# [The task]
Reproduce exactly the lines below from the one containing "(\<Sum>z\<in>m. ereal (GJS" through the one containing "using sum.reindex[OF is_match_inj_on(1)[OF", including both, and nothing else.

# [Data for this exercise]
○ ○ ○
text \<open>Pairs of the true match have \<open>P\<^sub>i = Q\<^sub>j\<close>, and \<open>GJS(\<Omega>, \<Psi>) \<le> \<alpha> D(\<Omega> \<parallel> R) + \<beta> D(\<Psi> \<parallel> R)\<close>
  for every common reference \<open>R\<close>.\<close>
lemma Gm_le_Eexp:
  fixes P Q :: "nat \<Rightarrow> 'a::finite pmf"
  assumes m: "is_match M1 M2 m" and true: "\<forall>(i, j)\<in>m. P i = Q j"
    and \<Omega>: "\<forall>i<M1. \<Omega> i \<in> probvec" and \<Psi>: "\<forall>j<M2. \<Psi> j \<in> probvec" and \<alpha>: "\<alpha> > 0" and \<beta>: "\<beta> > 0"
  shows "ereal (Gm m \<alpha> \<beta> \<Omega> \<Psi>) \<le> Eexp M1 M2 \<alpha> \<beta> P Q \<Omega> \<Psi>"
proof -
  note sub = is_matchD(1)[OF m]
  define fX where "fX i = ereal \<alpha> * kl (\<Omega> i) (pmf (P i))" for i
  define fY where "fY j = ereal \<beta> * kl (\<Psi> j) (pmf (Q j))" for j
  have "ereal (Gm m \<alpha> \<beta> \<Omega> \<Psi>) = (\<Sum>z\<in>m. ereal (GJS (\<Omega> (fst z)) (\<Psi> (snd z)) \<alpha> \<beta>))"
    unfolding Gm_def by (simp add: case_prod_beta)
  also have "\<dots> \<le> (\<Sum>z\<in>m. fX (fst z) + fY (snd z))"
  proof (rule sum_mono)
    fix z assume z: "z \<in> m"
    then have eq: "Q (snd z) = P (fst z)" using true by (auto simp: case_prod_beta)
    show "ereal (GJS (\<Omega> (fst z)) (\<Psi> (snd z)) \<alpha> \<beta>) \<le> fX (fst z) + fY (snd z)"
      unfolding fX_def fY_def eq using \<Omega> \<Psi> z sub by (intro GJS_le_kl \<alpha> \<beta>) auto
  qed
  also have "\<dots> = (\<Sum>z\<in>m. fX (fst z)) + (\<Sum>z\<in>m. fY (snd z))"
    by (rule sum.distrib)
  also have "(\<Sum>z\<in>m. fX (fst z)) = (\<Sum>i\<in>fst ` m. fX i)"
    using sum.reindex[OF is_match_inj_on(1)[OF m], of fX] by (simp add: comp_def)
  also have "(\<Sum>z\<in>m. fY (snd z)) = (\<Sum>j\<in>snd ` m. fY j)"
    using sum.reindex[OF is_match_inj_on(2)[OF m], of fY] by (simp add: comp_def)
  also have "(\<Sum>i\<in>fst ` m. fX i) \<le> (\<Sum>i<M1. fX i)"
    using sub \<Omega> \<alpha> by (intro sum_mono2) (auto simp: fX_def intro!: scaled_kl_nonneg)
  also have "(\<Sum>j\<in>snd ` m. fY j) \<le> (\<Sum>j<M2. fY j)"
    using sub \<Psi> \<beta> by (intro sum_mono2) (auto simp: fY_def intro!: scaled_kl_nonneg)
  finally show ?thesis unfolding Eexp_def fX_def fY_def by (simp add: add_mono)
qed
○ ○ ○
# [Written answer]
  have "ereal (Gm m \<alpha> \<beta> \<Omega> \<Psi>) = (\<Sum>z\<in>m. ereal (GJS (\<Omega> (fst z)) (\<Psi> (snd z)) \<alpha> \<beta>))"
    unfolding Gm_def by (simp add: case_prod_beta)
  also have "\<dots> \<le> (\<Sum>z\<in>m. fX (fst z) + fY (snd z))"
  proof (rule sum_mono)
    fix z assume z: "z \<in> m"
    then have eq: "Q (snd z) = P (fst z)" using true by (auto simp: case_prod_beta)
    show "ereal (GJS (\<Omega> (fst z)) (\<Psi> (snd z)) \<alpha> \<beta>) \<le> fX (fst z) + fY (snd z)"
      unfolding fX_def fY_def eq using \<Omega> \<Psi> z sub by (intro GJS_le_kl \<alpha> \<beta>) auto
  qed
  also have "\<dots> = (\<Sum>z\<in>m. fX (fst z)) + (\<Sum>z\<in>m. fY (snd z))"
    by (rule sum.distrib)
  also have "(\<Sum>z\<in>m. fX (fst z)) = (\<Sum>i\<in>fst ` m. fX i)"
    using sum.reindex[OF is_match_inj_on(1)[OF m], of fX] by (simp add: comp_def)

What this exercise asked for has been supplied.